=== GIVEN INFORMATION ===

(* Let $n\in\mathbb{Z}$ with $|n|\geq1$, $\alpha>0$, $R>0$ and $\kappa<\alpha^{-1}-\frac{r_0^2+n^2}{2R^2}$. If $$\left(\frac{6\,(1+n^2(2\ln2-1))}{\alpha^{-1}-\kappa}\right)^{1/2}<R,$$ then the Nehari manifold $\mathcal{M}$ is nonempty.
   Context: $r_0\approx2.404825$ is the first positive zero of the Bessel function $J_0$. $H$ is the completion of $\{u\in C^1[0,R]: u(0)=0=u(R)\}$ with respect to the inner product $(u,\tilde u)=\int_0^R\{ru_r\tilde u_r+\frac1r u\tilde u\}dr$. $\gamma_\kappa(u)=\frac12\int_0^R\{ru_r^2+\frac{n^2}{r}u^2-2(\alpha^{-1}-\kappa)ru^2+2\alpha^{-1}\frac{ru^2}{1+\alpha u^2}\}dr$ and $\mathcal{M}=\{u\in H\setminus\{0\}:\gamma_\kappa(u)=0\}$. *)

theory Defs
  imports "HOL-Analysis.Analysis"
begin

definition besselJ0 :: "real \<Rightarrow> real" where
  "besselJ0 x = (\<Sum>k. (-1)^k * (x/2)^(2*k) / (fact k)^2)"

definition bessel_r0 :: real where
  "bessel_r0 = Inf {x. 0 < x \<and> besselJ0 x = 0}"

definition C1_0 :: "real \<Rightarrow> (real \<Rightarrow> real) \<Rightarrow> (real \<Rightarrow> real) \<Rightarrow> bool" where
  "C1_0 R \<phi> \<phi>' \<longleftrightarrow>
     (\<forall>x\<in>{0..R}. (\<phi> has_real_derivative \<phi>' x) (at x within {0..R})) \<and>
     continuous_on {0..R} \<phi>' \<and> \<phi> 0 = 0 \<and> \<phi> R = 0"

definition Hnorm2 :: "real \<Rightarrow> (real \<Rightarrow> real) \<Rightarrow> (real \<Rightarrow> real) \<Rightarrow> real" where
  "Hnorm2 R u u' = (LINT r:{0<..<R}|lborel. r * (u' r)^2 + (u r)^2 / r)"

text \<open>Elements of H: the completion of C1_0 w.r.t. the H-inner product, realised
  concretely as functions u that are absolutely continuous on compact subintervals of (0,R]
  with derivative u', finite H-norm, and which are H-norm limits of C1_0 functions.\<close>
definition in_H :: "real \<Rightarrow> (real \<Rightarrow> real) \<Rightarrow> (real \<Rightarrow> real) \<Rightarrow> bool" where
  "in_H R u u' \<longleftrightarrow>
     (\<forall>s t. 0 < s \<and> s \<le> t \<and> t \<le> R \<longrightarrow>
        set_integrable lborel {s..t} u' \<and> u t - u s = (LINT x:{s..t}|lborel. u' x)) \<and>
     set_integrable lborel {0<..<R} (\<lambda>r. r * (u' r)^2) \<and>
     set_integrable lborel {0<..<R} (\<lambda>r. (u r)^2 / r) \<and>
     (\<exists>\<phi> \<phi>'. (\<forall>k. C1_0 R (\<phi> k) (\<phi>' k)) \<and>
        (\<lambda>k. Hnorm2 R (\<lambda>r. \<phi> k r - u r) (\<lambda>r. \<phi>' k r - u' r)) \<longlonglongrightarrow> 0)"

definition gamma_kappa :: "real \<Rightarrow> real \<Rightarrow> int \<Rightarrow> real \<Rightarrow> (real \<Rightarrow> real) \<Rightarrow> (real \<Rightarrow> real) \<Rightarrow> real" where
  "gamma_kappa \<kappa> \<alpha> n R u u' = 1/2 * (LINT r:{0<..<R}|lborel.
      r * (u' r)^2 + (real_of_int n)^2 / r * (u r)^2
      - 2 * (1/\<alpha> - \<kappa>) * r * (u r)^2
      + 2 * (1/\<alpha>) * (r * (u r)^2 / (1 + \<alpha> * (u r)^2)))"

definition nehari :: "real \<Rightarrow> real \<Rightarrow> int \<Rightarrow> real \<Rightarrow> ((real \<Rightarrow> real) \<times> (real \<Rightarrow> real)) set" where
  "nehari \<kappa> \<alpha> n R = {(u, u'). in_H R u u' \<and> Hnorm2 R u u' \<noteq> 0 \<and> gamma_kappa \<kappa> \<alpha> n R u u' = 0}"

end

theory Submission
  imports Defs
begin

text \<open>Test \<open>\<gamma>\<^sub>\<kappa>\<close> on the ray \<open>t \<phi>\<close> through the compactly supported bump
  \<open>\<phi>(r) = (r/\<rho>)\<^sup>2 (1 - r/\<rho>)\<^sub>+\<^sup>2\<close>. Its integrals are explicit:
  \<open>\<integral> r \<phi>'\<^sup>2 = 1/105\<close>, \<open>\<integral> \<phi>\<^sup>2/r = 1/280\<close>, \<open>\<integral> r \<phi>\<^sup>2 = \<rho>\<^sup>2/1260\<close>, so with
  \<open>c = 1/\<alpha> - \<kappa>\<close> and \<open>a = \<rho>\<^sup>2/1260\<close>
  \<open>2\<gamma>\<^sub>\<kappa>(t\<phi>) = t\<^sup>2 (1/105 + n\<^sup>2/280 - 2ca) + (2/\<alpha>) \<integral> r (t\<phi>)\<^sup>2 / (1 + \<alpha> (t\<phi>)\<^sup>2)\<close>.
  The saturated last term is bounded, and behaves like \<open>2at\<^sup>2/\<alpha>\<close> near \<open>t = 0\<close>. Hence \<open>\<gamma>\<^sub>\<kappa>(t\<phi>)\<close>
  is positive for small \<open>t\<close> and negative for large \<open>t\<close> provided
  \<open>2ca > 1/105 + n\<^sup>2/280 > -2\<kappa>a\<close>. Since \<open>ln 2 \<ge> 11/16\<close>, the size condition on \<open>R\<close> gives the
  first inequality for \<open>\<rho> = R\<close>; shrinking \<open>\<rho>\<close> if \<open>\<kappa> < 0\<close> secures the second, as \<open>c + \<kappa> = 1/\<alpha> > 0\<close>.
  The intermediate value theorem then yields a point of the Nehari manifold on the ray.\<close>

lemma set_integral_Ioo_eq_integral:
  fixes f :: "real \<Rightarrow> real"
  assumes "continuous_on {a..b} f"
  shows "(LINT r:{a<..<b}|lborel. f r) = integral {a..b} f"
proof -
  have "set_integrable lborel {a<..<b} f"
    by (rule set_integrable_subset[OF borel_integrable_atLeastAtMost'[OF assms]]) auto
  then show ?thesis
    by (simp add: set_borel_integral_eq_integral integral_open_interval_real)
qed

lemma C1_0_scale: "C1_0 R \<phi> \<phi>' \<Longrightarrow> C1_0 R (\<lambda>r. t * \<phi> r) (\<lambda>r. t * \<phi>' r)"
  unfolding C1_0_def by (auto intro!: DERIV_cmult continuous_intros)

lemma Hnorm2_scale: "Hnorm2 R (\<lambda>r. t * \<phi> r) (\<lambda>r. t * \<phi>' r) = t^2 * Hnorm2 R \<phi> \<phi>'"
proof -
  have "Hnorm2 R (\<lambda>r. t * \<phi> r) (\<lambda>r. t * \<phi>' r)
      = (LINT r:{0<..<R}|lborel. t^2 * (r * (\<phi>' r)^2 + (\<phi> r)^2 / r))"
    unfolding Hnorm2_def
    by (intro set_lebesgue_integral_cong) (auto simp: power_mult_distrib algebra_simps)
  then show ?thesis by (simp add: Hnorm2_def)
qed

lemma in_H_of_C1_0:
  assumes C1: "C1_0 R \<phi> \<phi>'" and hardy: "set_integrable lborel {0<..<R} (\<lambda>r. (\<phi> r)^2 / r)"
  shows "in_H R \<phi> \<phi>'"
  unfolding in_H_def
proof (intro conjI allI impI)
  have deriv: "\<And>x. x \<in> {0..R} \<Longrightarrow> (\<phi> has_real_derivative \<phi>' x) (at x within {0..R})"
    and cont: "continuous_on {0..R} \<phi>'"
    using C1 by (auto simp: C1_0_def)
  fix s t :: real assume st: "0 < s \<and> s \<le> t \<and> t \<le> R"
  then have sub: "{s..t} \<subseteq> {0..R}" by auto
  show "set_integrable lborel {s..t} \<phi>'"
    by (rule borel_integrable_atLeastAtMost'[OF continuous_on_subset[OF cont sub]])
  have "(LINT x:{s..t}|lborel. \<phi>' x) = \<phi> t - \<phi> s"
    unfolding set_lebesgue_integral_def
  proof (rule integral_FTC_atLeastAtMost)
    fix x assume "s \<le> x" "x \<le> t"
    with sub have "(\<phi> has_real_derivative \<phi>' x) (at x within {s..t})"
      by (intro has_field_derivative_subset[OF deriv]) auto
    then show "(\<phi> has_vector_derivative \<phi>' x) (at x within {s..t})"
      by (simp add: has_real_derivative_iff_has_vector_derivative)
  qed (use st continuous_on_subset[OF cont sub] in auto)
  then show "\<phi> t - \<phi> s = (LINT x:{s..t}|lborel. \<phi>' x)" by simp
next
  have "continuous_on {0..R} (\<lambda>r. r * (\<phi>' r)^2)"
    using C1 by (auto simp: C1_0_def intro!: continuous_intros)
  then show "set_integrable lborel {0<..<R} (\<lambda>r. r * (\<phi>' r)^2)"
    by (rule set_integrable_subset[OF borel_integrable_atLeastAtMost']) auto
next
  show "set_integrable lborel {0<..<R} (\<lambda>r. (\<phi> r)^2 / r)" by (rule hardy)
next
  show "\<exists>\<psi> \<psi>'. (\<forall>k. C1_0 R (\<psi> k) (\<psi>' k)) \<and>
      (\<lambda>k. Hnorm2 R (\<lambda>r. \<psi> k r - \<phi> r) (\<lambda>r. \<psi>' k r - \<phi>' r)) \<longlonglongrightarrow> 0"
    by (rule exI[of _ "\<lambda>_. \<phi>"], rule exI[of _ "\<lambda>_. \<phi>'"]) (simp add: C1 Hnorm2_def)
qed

===
=== GIVEN INFORMATION ===

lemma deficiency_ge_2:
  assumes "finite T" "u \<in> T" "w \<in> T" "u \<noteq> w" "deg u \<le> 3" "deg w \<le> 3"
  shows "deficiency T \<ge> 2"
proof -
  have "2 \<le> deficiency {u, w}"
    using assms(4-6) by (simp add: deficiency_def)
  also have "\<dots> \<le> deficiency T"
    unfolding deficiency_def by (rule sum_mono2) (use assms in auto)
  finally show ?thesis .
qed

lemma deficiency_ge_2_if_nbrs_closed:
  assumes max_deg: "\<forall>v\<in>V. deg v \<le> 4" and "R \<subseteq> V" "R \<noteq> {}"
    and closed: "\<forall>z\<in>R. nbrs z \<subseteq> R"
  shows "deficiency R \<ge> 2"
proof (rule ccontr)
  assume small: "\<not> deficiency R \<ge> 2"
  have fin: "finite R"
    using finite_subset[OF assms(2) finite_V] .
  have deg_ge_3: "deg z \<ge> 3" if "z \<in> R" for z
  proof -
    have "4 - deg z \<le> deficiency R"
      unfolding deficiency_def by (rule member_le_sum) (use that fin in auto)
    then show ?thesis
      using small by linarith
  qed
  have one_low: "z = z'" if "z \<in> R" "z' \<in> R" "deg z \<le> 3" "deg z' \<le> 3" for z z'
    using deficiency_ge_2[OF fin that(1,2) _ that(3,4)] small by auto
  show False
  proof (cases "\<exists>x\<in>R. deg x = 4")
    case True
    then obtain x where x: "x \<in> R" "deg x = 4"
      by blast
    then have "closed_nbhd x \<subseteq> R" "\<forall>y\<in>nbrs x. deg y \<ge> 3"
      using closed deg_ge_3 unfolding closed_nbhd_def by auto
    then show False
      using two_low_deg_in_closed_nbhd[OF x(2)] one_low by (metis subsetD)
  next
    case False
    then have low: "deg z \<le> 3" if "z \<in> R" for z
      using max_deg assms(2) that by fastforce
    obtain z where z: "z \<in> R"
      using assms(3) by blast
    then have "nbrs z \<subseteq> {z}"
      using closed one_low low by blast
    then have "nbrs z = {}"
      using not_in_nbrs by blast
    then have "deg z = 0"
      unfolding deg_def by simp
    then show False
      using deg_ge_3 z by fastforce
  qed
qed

===

Find where the line with "fix x assume" sits in the material above, then copy exactly from it through the line with "using C1 by (auto simp: C1_0_def intro!: continuous_intros)". Add no other line.

    fix x assume "s \<le> x" "x \<le> t"
    with sub have "(\<phi> has_real_derivative \<phi>' x) (at x within {s..t})"
      by (intro has_field_derivative_subset[OF deriv]) auto
    then show "(\<phi> has_vector_derivative \<phi>' x) (at x within {s..t})"
      by (simp add: has_real_derivative_iff_has_vector_derivative)
  qed (use st continuous_on_subset[OF cont sub] in auto)
  then show "\<phi> t - \<phi> s = (LINT x:{s..t}|lborel. \<phi>' x)" by simp
next
  have "continuous_on {0..R} (\<lambda>r. r * (\<phi>' r)^2)"
    using C1 by (auto simp: C1_0_def intro!: continuous_intros)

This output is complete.